**WHAT NEEDS TO BE DONE**
Take the data below and copy exactly the lines starting at the one with "n ?TM * _ = mat" and finishing at the one with "by (intro sum.cong refl) auto", both included.

PROVIDED ENTRIES Block Start

lemma law_of_alternative_source:
  fixes s :: "'a \<Rightarrow> real^'n::finite" and s' :: "'b \<Rightarrow> real^'n"
  assumes model: "lin_model M c s B A" and model': "lin_model M' c' s' B' A'" and k: "k \<in> {0, 1}"
    and same: "cond_distr M' (model_x c' s' B' A') c' k = cond_distr M (model_x c s B A) c k"
  shows "distr M' borel s' = distr M borel (\<lambda>\<omega>. (matrix_inv (A' k ** B') ** (A k ** B)) *v s \<omega>)"
proof (rule distr_source_eq_if_mixed_eq)
  show "s \<in> borel_measurable M" "s' \<in> borel_measurable M'"
    using model model' by (simp_all add: lin_model_def ica_source_def)
  show "invertible (A' k ** B')"
    using model' k by (auto simp: lin_model_def intro: invertible_mult)
  show "distr M' borel (\<lambda>\<omega>. (A' k ** B') *v s' \<omega>) = distr M borel (\<lambda>\<omega>. (A k ** B) *v s \<omega>)"
    using same cond_distr_model_x[OF model k] cond_distr_model_x[OF model' k] by simp
qed

theorem theorem2:
  fixes M :: "'a measure" and c :: "'a \<Rightarrow> nat" and s :: "'a \<Rightarrow> real ^ 'n::finite"
    and B :: "real ^ 'n ^ 'n" and A :: "nat \<Rightarrow> real ^ 'n ^ 'n"
    and M' :: "'b measure" and c' :: "'b \<Rightarrow> nat" and s' :: "'b \<Rightarrow> real ^ 'n"
    and B' :: "real ^ 'n ^ 'n" and A' :: "nat \<Rightarrow> real ^ 'n ^ 'n"
  assumes model: "lin_model M c s B A"
    and asym: "\<And>p eps. p permutes (UNIV :: 'n set) \<Longrightarrow> (\<forall>j. eps j \<in> {1, -1}) \<Longrightarrow>
                 perm_neg_matrix p eps \<noteq> mat 1 \<Longrightarrow>
                 distr M borel (\<lambda>\<omega>. perm_neg_matrix p eps *v s \<omega>) \<noteq> distr M borel s"
    and model': "lin_model M' c' s' B' A'"
    and same0: "cond_distr M' (model_x c' s' B' A') c' 0 = cond_distr M (model_x c s B A) c 0"
    and same1: "cond_distr M' (model_x c' s' B' A') c' 1 = cond_distr M (model_x c s B A) c 1"
  shows "A' 1 ** matrix_inv (A' 0) = A 1 ** matrix_inv (A 0)"
proof -
  interpret prob_space M
    using model by (simp add: lin_model_def)
  have src: "ica_source M s" and s: "s \<in> borel_measurable M"
    and inv: "invertible (A 0)" "invertible (A 1)" "invertible B"
    and inv': "invertible (A' 0)" "invertible (A' 1)" "invertible B'"
    using model model' by (auto simp: lin_model_def ica_source_def)
  define U where "U k = matrix_inv (A' k ** B') ** (A k ** B)" for k
  have law: "distr M' borel s' = distr M borel (\<lambda>\<omega>. U k *v s \<omega>)" if "k \<in> {0, 1}" for k
    using law_of_alternative_source[OF model model' that] same0 same1 that unfolding U_def by auto
  have U1: "invertible (U 1)"
    unfolding U_def using inv inv' by (intro invertible_mult invertible_matrix_inv)
  have invariant: "distr M borel (\<lambda>\<omega>. (matrix_inv (U 1) ** U 0) *v s \<omega>) = distr M borel s"
    using distr_source_eq_if_mixed_eq[OF s s U1, of "U 0"] law[of 0] law[of 1] by simp
  then obtain p eps where pe: "p permutes UNIV" "\<forall>j. eps j \<in> {1, -1}"
    "matrix_inv (U 1) ** U 0 = perm_neg_matrix p eps"
    using perm_neg_matrix_if_law_invariant[OF src] by blast
  have "matrix_inv (U 1) ** U 0 = mat 1"
    using asym[OF pe(1,2)] invariant unfolding pe(3) by blast
  with U1 have "U 0 = U 1"
    by (rule eq_if_matrix_inv_mult_eq_mat_1)
  then show ?thesis
    unfolding U_def by (rule counterfactual_map_eq_if_source_maps_eq[OF inv inv'])
qed

end
theorem theorem1:
  fixes \<beta> :: real and p d :: nat
  assumes "\<beta> > 0"
  shows "Phi \<beta> p d = Phi \<beta> p 0 ^ (d + 1)
    \<and> (Phi \<beta> p 0 > 0
       \<and> Phi \<beta> p 0 ^ (p + 1) - (\<beta> + 1) * Phi \<beta> p 0 + \<beta> = 0
       \<and> (\<forall>y::real. y > 0 \<longrightarrow> y ^ (p + 1) - (\<beta> + 1) * y + \<beta> = 0 \<longrightarrow> Phi \<beta> p 0 \<le> y))
    \<and> (\<beta> \<ge> real p \<longrightarrow> (\<forall>d'::nat. Phi \<beta> p d' = 1))"
proof -
  have \<beta>: "0 \<le> \<beta>" using assms by simp
  define q where "q = level_prob \<beta> p 1"
  have Phi_power: "Phi \<beta> p d' = q ^ (d' + 1)" for d'
    unfolding q_def Phi_eq_level_prob using level_prob_power[OF \<beta>] .
  have q_pos: "0 < q" and q_le_one: "q \<le> 1"
    unfolding q_def using level_prob_pos[OF \<beta> assms] level_prob_le_one[OF \<beta>] .
  have q_root: "q ^ (p + 1) - (\<beta> + 1) * q + \<beta> = 0"
    unfolding q_def using level_prob_fixpoint[OF \<beta>] fixpoint_iff_root[OF \<beta>] by blast
  have q_least: "q \<le> y" if "0 < y" "y ^ (p + 1) - (\<beta> + 1) * y + \<beta> = 0" for y
    unfolding q_def using level_prob_le_fixpoint[OF \<beta> that(1)] fixpoint_iff_root[OF \<beta>] that(2) by blast
  have q_one: "q = 1" if "real p \<le> \<beta>"
    using root_in_unit_interval_eq_one[OF assms that q_pos q_le_one q_root] .
  show ?thesis
    unfolding Phi_power using q_pos q_root q_least q_one by simp
qed

end
lemma borel_measurable_sort_nth:
  fixes fs :: "('a \<Rightarrow> 'b::{second_countable_topology, linorder_topology}) list"
  assumes "\<And>f. f \<in> set fs \<Longrightarrow> f \<in> borel_measurable M" "k < length fs"
  shows "(\<lambda>x. sort (map (\<lambda>f. f x) fs) ! k) \<in> borel_measurable M"
  using assms
proof (induction fs arbitrary: k)
  case Nil
  then show ?case by simp
next
  case (Cons g fs)
  show ?case
  proof (cases "fs = []")
    case True
    then show ?thesis using Cons.prems by simp
  next
    case False
    let ?S = "\<lambda>x. sort (map (\<lambda>f. f x) fs)"
    have IH: "(\<lambda>x. ?S x ! i) \<in> borel_measurable M" if "i < length fs" for i
      using Cons.IH[of i] Cons.prems that by auto
    have "?S x \<noteq> []" for x
      using False by (metis length_map length_sort length_0_conv)
    then have "sort (map (\<lambda>f. f x) (g # fs)) ! k =
        (if k = 0 then min (g x) (?S x ! 0)
         else if k = length fs then max (g x) (?S x ! (k - 1))
         else max (?S x ! (k - 1)) (min (g x) (?S x ! k)))" for x
      using nth_insort[OF sorted_sort, of _ k "g x"] Cons.prems by simp
    moreover have "g \<in> borel_measurable M" using Cons.prems by simp
    ultimately show ?thesis
      using False Cons.prems IH
      by (cases "k = 0"; cases "k = length fs"; simp; intro borel_measurable_max borel_measurable_min; simp)
  qed
qed

lemma kth_largest_conv_sort_nth:
  "k < m \<Longrightarrow> kth_largest s m k = sort (map s [0..<m]) ! (m - Suc k)"
  unfolding kth_largest_def by (simp add: rev_nth)

lemma borel_measurable_kth_largest:
  fixes s :: "nat \<Rightarrow> 'a \<Rightarrow> real"
  assumes "k < m" "\<And>l. l < m \<Longrightarrow> s l \<in> borel_measurable M"
  shows "(\<lambda>x. kth_largest (\<lambda>l. s l x) m k) \<in> borel_measurable M"
proof -
  have "(\<lambda>x. sort (map (\<lambda>f. f x) (map s [0..<m])) ! (m - Suc k)) \<in> borel_measurable M"
    by (rule borel_measurable_sort_nth) (use assms in auto)
  then show ?thesis using assms(1) by (simp add: kth_largest_conv_sort_nth comp_def)
qed

lemma kth_largest_in_image: "k < m \<Longrightarrow> kth_largest s m k \<in> s ` {..<m}"
  using nth_mem[of "m - Suc k" "sort (map s [0..<m])"]
  by (auto simp: kth_largest_conv_sort_nth)

lemma sum_kth_largest: "(\<Sum>k<m. kth_largest s m k) = (\<Sum>l<m. s l)"
proof -
  have "(\<Sum>k<m. kth_largest s m k) = sum_list (rev (sort (map s [0..<m])))"
    by (simp add: kth_largest_def sum_list_sum_nth atLeast0LessThan)
  also have "\<dots> = sum_list (map s [0..<m])"
    by (metis mset_rev mset_sort sum_mset_sum_list)
  also have "\<dots> = (\<Sum>l<m. s l)"
    by (simp add: sum_list_sum_nth atLeast0LessThan)
  finally show ?thesis .
qed
lemma comb_eventually_below:
  assumes K: "K \<subseteq> W" and x: "x1 \<in> D" "x2 \<in> D" and t: "0 < t" "t < 1" and w: "w \<in> K"
    and B: "\<And>N. G N x1 w \<le> B" "\<And>N. G N x2 w \<le> B"
    and below: "\<And>y1 y2. \<forall>N. y1 \<le> G N x1 w \<and> y2 \<le> G N x2 w \<Longrightarrow> y1 \<le> B \<Longrightarrow> y2 \<le> B \<Longrightarrow>
        (1 - t) * y1 + t * y2 < c"
  shows "\<exists>N. G N ((1 - t) *\<^sub>R x1 + t *\<^sub>R x2) w < c"
proof (rule ccontr)
  assume "\<not> (\<exists>N. G N ((1 - t) *\<^sub>R x1 + t *\<^sub>R x2) w < c)"
  then have "c \<le> G N ((1 - t) *\<^sub>R x1 + t *\<^sub>R x2) w" for N by (simp add: not_less)
  moreover have "G N ((1 - t) *\<^sub>R x1 + t *\<^sub>R x2) w \<le> (1 - t) * G N x1 w + t * G N x2 w" for N
    using convex_onD[OF convex_G[where N = N and w = w]] w K x t by auto
  ultimately have "c \<le> (1 - t) * G N x1 w + t * G N x2 w" for N by (meson order_trans)
  then obtain y1 y2 where y: "\<And>N. y1 \<le> G N x1 w" "\<And>N. y2 \<le> G N x2 w" "c \<le> (1 - t) * y1 + t * y2"
    using decseq_convex_comb_lower_limits[OF decseq_G decseq_G t B] w x K by blast
  moreover have "y1 \<le> B" "y2 \<le> B" using y(1,2)[of 0] B[of 0] by (auto intro: order_trans)
  ultimately show False using below[of y1 y2] by (meson not_le)
qed

text \<open>The two points are merged by separating the convex set of pairs of lower bounds of
  \<open>G N x\<^sub>1 w\<close> and \<open>G N x\<^sub>2 w\<close> from the quadrant above the level \<open>c'\<close>.\<close>

lemma two_point_combination:
  assumes K: "compact K" "K \<subseteq> W" "convex_seqs K" and x: "x1 \<in> D" "x2 \<in> D"
    and cover: "\<And>w. w \<in> K \<Longrightarrow> (\<exists>N. G N x1 w < c) \<or> (\<exists>N. G N x2 w < c)"
  shows "\<exists>z\<in>D. \<forall>w\<in>K. \<exists>N. G N z w < c"
proof -
  obtain F c' where F: "F \<subseteq> {x1, x2}" and "c' < c"
    and cover': "\<forall>w\<in>K. \<exists>x\<in>F. \<exists>N. G N x w < c'"
    by (rule compact_cover_margin[OF K(1), of "{x1, x2}" c]) (use x cover in auto)
  obtain B1 where B1: "\<forall>w\<in>K. \<forall>N. G N x1 w \<le> B1"
    by (rule G_bounded_above[OF K(1,2) x(1)])
  obtain B2 where B2: "\<forall>w\<in>K. \<forall>N. G N x2 w \<le> B2"
    by (rule G_bounded_above[OF K(1,2) x(2)])
  define A where "A = {(y1, y2). \<exists>w\<in>K. \<forall>N. y1 \<le> G N x1 w \<and> y2 \<le> G N x2 w}"
  have "y1 < c' \<or> y2 < c'" if "(y1, y2) \<in> A" for y1 y2
  proof -
    from that obtain w where w: "w \<in> K" "\<forall>N. y1 \<le> G N x1 w \<and> y2 \<le> G N x2 w"
      unfolding A_def by blast
    with cover' F obtain N where "G N x1 w < c' \<or> G N x2 w < c'" by blast
    moreover have "y1 \<le> G N x1 w" "y2 \<le> G N x2 w" using w(2) by auto
    ultimately show ?thesis by auto
  qed
  then obtain t where t: "0 < t" "t < 1" and below: "\<And>y1 y2. (y1, y2) \<in> A \<Longrightarrow>
      y1 \<le> max B1 B2 \<Longrightarrow> y2 \<le> max B1 B2 \<Longrightarrow> (1 - t) * y1 + t * y2 < c"
    using convex_avoiding_quadrant_strict_weight[OF _ _ \<open>c' < c\<close>] convex_lower_set[OF K(2,3) x]
    unfolding A_def by blast
  show ?thesis
  proof (intro bexI ballI)
    show "(1 - t) *\<^sub>R x1 + t *\<^sub>R x2 \<in> D" using convex_D x t by (simp add: convex_alt)
    fix w assume w: "w \<in> K"
    show "\<exists>N. G N ((1 - t) *\<^sub>R x1 + t *\<^sub>R x2) w < c"
    proof (rule comb_eventually_below[OF K(2) x t w])
      show "G N x1 w \<le> max B1 B2" "G N x2 w \<le> max B1 B2" for N
        using B1 B2 w by (auto intro: max.coboundedI1 max.coboundedI2)
      show "(1 - t) * y1 + t * y2 < c"
        if "\<forall>N. y1 \<le> G N x1 w \<and> y2 \<le> G N x2 w" "y1 \<le> max B1 B2" "y2 \<le> max B1 B2" for y1 y2
        using below[of y1 y2] that w unfolding A_def by blast
    qed
  qed
qed
lemma congruence_mat_reduced_mult_fold_rows_mat:
  assumes m: "0 < m" and n: "n = c * m" and c: "0 < c"
  shows "mat n n (\<lambda>(i,j). if m \<le> i then (if i = j then a else 0) - (if j = i mod m then a else 0)
                    else (if i = j then a else 0) + (if i mod m = j mod m then b else 0))
           * fold_rows_mat n m 1 =
    mat n n (\<lambda>(i,l). if m \<le> i then (if i = l then a else 0)
       else if l < m then (if i = l then a + b * of_nat c else 0) else (if i = l mod m then b else 0))"
    (is "mat n n ?TM * _ = mat n n ?R")
proof (rule eq_matI)
  fix i l
  assume "i < dim_row (mat n n ?R)" "l < dim_col (mat n n ?R)"
  then have i: "i < n" and l: "l < n"
    by auto
  have class_sum: "(\<Sum>j = 0..<n. if m \<le> j \<and> l = j mod m then x else 0) = x * (of_nat c - 1)"
    if "l < m" for x :: 'a
    unfolding n using that c by (rule sum_residue_class_above)
  have not_mod: "m \<le> j \<Longrightarrow> j \<noteq> k mod m" for j k
    using m by (metis mod_less_divisor not_le)
  have "(mat n n ?TM * fold_rows_mat n m 1) $$ (i,l)
      = (\<Sum>j = 0..<n. (if j = l then ?TM (i,j) else 0) + (if m \<le> j \<and> l = j mod m then ?TM (i,j) else 0))"
    using i l unfolding fold_rows_mat_def mat_mult_mat
    by simp (intro sum.cong refl, simp)
  also have "\<dots> = ?TM (i,l) + (\<Sum>j = 0..<n. if m \<le> j \<and> l = j mod m then ?TM (i,j) else 0)"
    using l by (simp add: sum.distrib)
  also have "\<dots> = ?R (i,l)"
  proof (cases "m \<le> i")
    case True
    then have "(\<Sum>j = 0..<n. if m \<le> j \<and> l = j mod m then ?TM (i,j) else 0)
        = (\<Sum>j = 0..<n. if j = i then (if l = i mod m then a else 0) else 0)"
      by (intro sum.cong refl) (simp add: not_mod)
    with i True show ?thesis
      by auto
  next
    case False
    then have "(\<Sum>j = 0..<n. if m \<le> j \<and> l = j mod m then ?TM (i,j) else 0)
        = (\<Sum>j = 0..<n. if m \<le> j \<and> l = j mod m then (if i = l then b else 0) else 0)"
      by (intro sum.cong refl) auto
    also have "\<dots> = (if i = l \<and> l < m then b * (of_nat c - 1) else 0)"
      using m by (cases "l < m") (auto simp: class_sum intro!: sum.neutral)
    finally show ?thesis
      using False by (cases "l < m"; cases "i = l") (simp_all add: algebra_simps)
  qed
  finally show "(mat n n ?TM * fold_rows_mat n m 1) $$ (i,l) = mat n n ?R $$ (i,l)"
    using i l by simp
qed (auto simp: fold_rows_mat_def)

text \<open>Row reduction: subtracting the representative row modulo \<open>m\<close> and then adding the
  columns of each class onto its representative makes the matrix upper triangular.\<close>

lemma det_congruence_mat:
  assumes m: "0 < m" and n: "n = c * m" and c: "0 < c"
  shows "det (congruence_mat n m a b) = (a + b * of_nat c) ^ m * a ^ (n - m)"
proof -
  have mn: "m \<le> n"
    using n c by simp
  define R where "R = mat n n (\<lambda>(i,l). if m \<le> i then (if i = l then a else 0)
       else if l < m then (if i = l then a + b * of_nat c else 0) else (if i = l mod m then b else 0))"
  have carrier: "fold_rows_mat n m s \<in> carrier_mat n n" "congruence_mat n m a b \<in> carrier_mat n n"
    for s :: 'a
    by (simp_all add: fold_rows_mat_def congruence_mat_def)
  have reduced: "fold_rows_mat n m (-1) * congruence_mat n m a b * fold_rows_mat n m 1 = R"
    unfolding fold_rows_mat_mult_congruence_mat[OF m mn] R_def
    by (rule congruence_mat_reduced_mult_fold_rows_mat[OF assms])
  have "det (congruence_mat n m a b)
      = det (fold_rows_mat n m (-1) * congruence_mat n m a b * fold_rows_mat n m 1)"
    unfolding det_mult[OF mult_carrier_mat[OF carrier(1,2)] carrier(1)] det_mult[OF carrier(1,2)]
    by (metis det_fold_rows_mat[OF m] mult_1 mult_1_right)
  also have "\<dots> = det R"
    using reduced by simp
  also have "\<dots> = (\<Prod>i = 0..<n. if i < m then a + b * of_nat c else a)"
    by (subst det_upper_triangular[of _ n])
       (auto simp: R_def upper_triangular_def prod_list_diag_prod intro!: prod.cong)
  also have "\<dots> = (\<Prod>i = 0..<m. a + b * of_nat c) * (\<Prod>i = m..<n. a)"
  proof -
    have "(\<Prod>i = 0..<m. if i < m then a + b * of_nat c else a) = (\<Prod>i = 0..<m. a + b * of_nat c)"
      and "(\<Prod>i = m..<n. if i < m then a + b * of_nat c else a) = (\<Prod>i = m..<n. a)"
      by (auto intro: prod.cong)
    with mn show ?thesis
      by (simp add: prod.atLeastLessThan_concat[symmetric, of 0 m n])
  qed
  also have "\<dots> = (a + b * of_nat c) ^ m * a ^ (n - m)"
    by simp
  finally show ?thesis .
qed

text \<open>Right multiplication by \<open>I - J / (n - 1)\<close>, where \<open>J\<close> is the all-ones matrix,
  sends \<open>J - B\<close> to \<open>-B\<close> when all row sums of \<open>B\<close> are \<open>1\<close>.\<close>

lemma det_ones_minus_row_stochastic:
  fixes B :: "'a::field_char_0 mat"
  assumes B: "B \<in> carrier_mat n n" and n: "1 < n"
    and rows: "\<And>i. i < n \<Longrightarrow> (\<Sum>k = 0..<n. B $$ (i,k)) = 1"
  shows "det (mat n n (\<lambda>(i,j). 1 - B $$ (i,j))) = (-1) ^ Suc n * (of_nat n - 1) * det B"
proof -
  define \<alpha> :: 'a where "\<alpha> = 1 / (of_nat n - 1)"
  have n1: "of_nat n - 1 \<noteq> (0::'a)"
    using n by simp
  define Z where "Z = mat n n (\<lambda>(i,j). 1 - B $$ (i,j))"
  define W where "W = congruence_mat n 1 1 (- \<alpha>)"
  have Z: "Z \<in> carrier_mat n n" and W: "W \<in> carrier_mat n n"
    by (simp_all add: Z_def W_def congruence_mat_def)
  have "det W = 1 - \<alpha> * of_nat n"
    using det_congruence_mat[of 1 n n 1 "- \<alpha>"] n by (simp add: W_def)
  then have det_W: "det W = - \<alpha>"
    using n1 by (simp add: \<alpha>_def field_simps)
  have "Z * W = (-1) \<cdot>\<^sub>m B"
  proof (rule eq_matI)
    fix i j
    assume "i < dim_row ((-1) \<cdot>\<^sub>m B)" "j < dim_col ((-1) \<cdot>\<^sub>m B)"
    then have i: "i < n" and j: "j < n"
      using B by auto
    have "(Z * W) $$ (i,j) = (\<Sum>k = 0..<n. (1 - B $$ (i,k)) * ((if k = j then 1 else 0) - \<alpha>))"
      using i j by (simp add: Z_def W_def congruence_mat_def mat_mult_mat)
    also have "\<dots> = (\<Sum>k = 0..<n. (if k = j then 1 - B $$ (i,k) else 0) - \<alpha> * (1 - B $$ (i,k)))"
      by (intro sum.cong refl) (simp add: algebra_simps)
    also have "\<dots> = (\<Sum>k = 0..<n. if k = j then 1 - B $$ (i,k) else 0) - \<alpha> * (\<Sum>k = 0..<n. 1 - B $$ (i,k))"
      by (simp only: sum_subtractf[of "\<lambda>k. if k = j then 1 - B $$ (i,k) else 0"] sum_distrib_left)
    also have "\<dots> = (1 - B $$ (i,j)) - \<alpha> * (of_nat n - 1)"
      using j rows[OF i] by (simp add: sum_subtractf)
    also have "\<dots> = - B $$ (i,j)"
      using n1 by (simp add: \<alpha>_def)
    finally show "(Z * W) $$ (i,j) = ((-1) \<cdot>\<^sub>m B) $$ (i,j)"
      using i j B by simp
  qed (use B in \<open>auto simp: Z_def W_def congruence_mat_def\<close>)
  then have "det Z * (- \<alpha>) = (-1) ^ n * det B"
    using det_mult[OF Z W] det_W B by simp
  then show ?thesis
    using n1 by (simp add: Z_def \<alpha>_def field_simps)
qed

PROVIDED ENTRIES Block End

**EXERCISE OUTPUT**
    (is "mat n n ?TM * _ = mat n n ?R")
proof (rule eq_matI)
  fix i l
  assume "i < dim_row (mat n n ?R)" "l < dim_col (mat n n ?R)"
  then have i: "i < n" and l: "l < n"
    by auto
  have class_sum: "(\<Sum>j = 0..<n. if m \<le> j \<and> l = j mod m then x else 0) = x * (of_nat c - 1)"
    if "l < m" for x :: 'a
    unfolding n using that c by (rule sum_residue_class_above)
  have not_mod: "m \<le> j \<Longrightarrow> j \<noteq> k mod m" for j k
    using m by (metis mod_less_divisor not_le)
  have "(mat n n ?TM * fold_rows_mat n m 1) $$ (i,l)
      = (\<Sum>j = 0..<n. (if j = l then ?TM (i,j) else 0) + (if m \<le> j \<and> l = j mod m then ?TM (i,j) else 0))"
    using i l unfolding fold_rows_mat_def mat_mult_mat
    by simp (intro sum.cong refl, simp)
  also have "\<dots> = ?TM (i,l) + (\<Sum>j = 0..<n. if m \<le> j \<and> l = j mod m then ?TM (i,j) else 0)"
    using l by (simp add: sum.distrib)
  also have "\<dots> = ?R (i,l)"
  proof (cases "m \<le> i")
    case True
    then have "(\<Sum>j = 0..<n. if m \<le> j \<and> l = j mod m then ?TM (i,j) else 0)
        = (\<Sum>j = 0..<n. if j = i then (if l = i mod m then a else 0) else 0)"
      by (intro sum.cong refl) (simp add: not_mod)
    with i True show ?thesis
      by auto
  next
    case False
    then have "(\<Sum>j = 0..<n. if m \<le> j \<and> l = j mod m then ?TM (i,j) else 0)
        = (\<Sum>j = 0..<n. if m \<le> j \<and> l = j mod m then (if i = l then b else 0) else 0)"
      by (intro sum.cong refl) auto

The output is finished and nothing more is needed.